The 1950-1960s were Savignac's most prolific years. In the 1970s, advertizers abandoned Savignac, who started a second career as the designer of official posters. He drew such posters for the National Lottery, the final of the football European Championships (1984), and museums such as the National Library (Voltaire exhibition, 1979) and the Museum of Man (1981). Savignac also designed film posters, for instance for Robert Bresson (Lancelot du Lac, 1974) and Yves Robert (Courage fuyons !, 1979). One of his last official work was two posters for an anti-drug campaign set up by the French Gendarmerie in 1995.

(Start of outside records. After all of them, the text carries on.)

lemma parity_check_matrix_unit_matrix: "parity_check_matrix n {0} (unit_matrix n)"
proof -
  have "set (unit_matrix n) = unit_vec ` {..<n}"
    by (auto simp: unit_matrix_def)
  then show ?thesis
    unfolding parity_check_matrix_def row_span_eq_span dual_code_zero_code bvecs_eq_span_unit_vec
    using bv.span_superset by simp
qed

lemma stopping_ok_unit_matrix: "stopping_ok n (unit_matrix n) s"
  unfolding stopping_ok_def
proof (intro allI impI)
  fix S assume S: "S \<subseteq> {..<n} \<and> S \<noteq> {} \<and> card S < s"
  then obtain j where "j \<in> S"
    by blast
  then have "unit_vec j \<in> set (unit_matrix n)" "{k \<in> S. unit_vec j k \<noteq> 0} = {j}"
    using S by (auto simp: unit_matrix_def unit_vec_def)
  then show "\<exists>h\<in>set (unit_matrix n). card {j \<in> S. h j \<noteq> 0} = 1"
    by (intro bexI[of _ "unit_vec j"]) simp_all
qed

text \<open>
  Both sides are junk values: the zero code has no pair of distinct codewords, so its minimum
  distance is \<open>Inf {}\<close>, and every \<open>s\<close> is admissible for the unit matrix, so its stopping distance
  is the \<open>GREATEST\<close> of an unbounded predicate; on \<open>nat\<close> both unfold to \<open>THE x. False\<close>.
\<close>

lemma stopping_distance_unit_matrix: "stopping_distance n (unit_matrix n) = min_dist n {0}"
proof -
  have "stopping_distance n (unit_matrix n) = (THE x::nat. False)"
    unfolding stopping_distance_def Greatest_def using stopping_ok_unit_matrix
    by (metis Suc_n_not_le_n)
  also have "\<dots> = min_dist n {0}"
    unfolding min_dist_def Inf_nat_def Least_def by simp
  finally show ?thesis .
qed

lemma stopping_redundancy_zero_code_le: "stopping_redundancy n {0} \<le> n"
  using stopping_redundancy_le[OF parity_check_matrix_unit_matrix stopping_distance_unit_matrix]
  by (simp add: unit_matrix_def)

lemma redundancy_zero_code_ge: "n \<le> redundancy n {0}"
proof -
  obtain H where "parity_check_matrix n {0} H" "length H = redundancy n {0}"
    using redundancy_attained by blast
  then have "2 ^ n \<le> (2::nat) ^ redundancy n {0}"
    using card_row_span_le[of H] by (simp add: parity_check_matrix_def dual_code_zero_code card_bvecs)
  then show ?thesis
    by simp
qed

theorem theorem4:
  fixes n :: nat and C :: "(nat \<Rightarrow> bit) set"
  assumes "binary_linear_code n C"
    and "min_dist n C \<ge> 3"
  shows "stopping_redundancy n C \<le> (\<Sum>i=1..min_dist n C - 2. redundancy n C choose i)"
proof (cases "\<exists>c\<in>C. c \<noteq> 0")
  case True
  then obtain c where c: "c \<in> C" "c \<noteq> 0"
    by blast
  obtain H0 where H0: "parity_check_matrix n C H0" "length H0 = redundancy n C"
    using redundancy_attained by blast
  obtain H where "parity_check_matrix n C H" "stopping_distance n H = min_dist n C"
    "length H \<le> (\<Sum>i=1..min_dist n C - 2. length H0 choose i)"
    using exists_row_sums_matrix[OF assms(1) c assms(2) H0(1)] by blast
  then show ?thesis
    using stopping_redundancy_le[of n C H] H0(2) by simp
next
  case False
  then have C: "C = {0}"
    using subspace_code[OF assms(1)] bv.subspace_0 by blast
  have "stopping_redundancy n C \<le> redundancy n C choose 1"
    using stopping_redundancy_zero_code_le[of n] redundancy_zero_code_ge[of n] C by simp
  also have "\<dots> \<le> (\<Sum>i=1..min_dist n C - 2. redundancy n C choose i)"
    using assms(2) by (intro member_le_sum) auto
  finally show ?thesis .
qed

end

Raymond Savignac spent the last twenty years of his life in Trouville, where he remained extremely active until he passed away, aged 95. He designed a lot of posters advertizing the city, its hotels, restaurants, etc., which completely revamped the image of the city. In 1986, the Bal des Affiches was organized to celebrate him, and, of course, he designed the ball poster. A room of the municipal museum Villa Montebello was dedicated to Savignac's work in 1993. In 2001, the beach boardwalk was renamed Promenade Savignac and decorated with copies of his most famous posters.

Savignac proposed a flag for the city of Trouville, blue with the name of the city in white and a "graphical gag" involving the V of Trouville and a seagull. Most Savignac's posters related to Trouville include a seagull. Savignac did for instance a poster showing a seaman smoking a seagull-shaped pipe. Savignac's flag is used today by the Tourist Office.

Ivan Sache, 4 January 2004


Club Nautique de Trouville-Hennequeville

[CN Trouville-Hennequeville]by Ivan Sache

Hennequeville is located ca. 4 km north of Trouville.

The Club Nautique de Trouville-Hennequeville has a blue burgee with a red horizontal triangle extending from hoist to fly. The shape of the red device placed vertically along the hoist is not clear.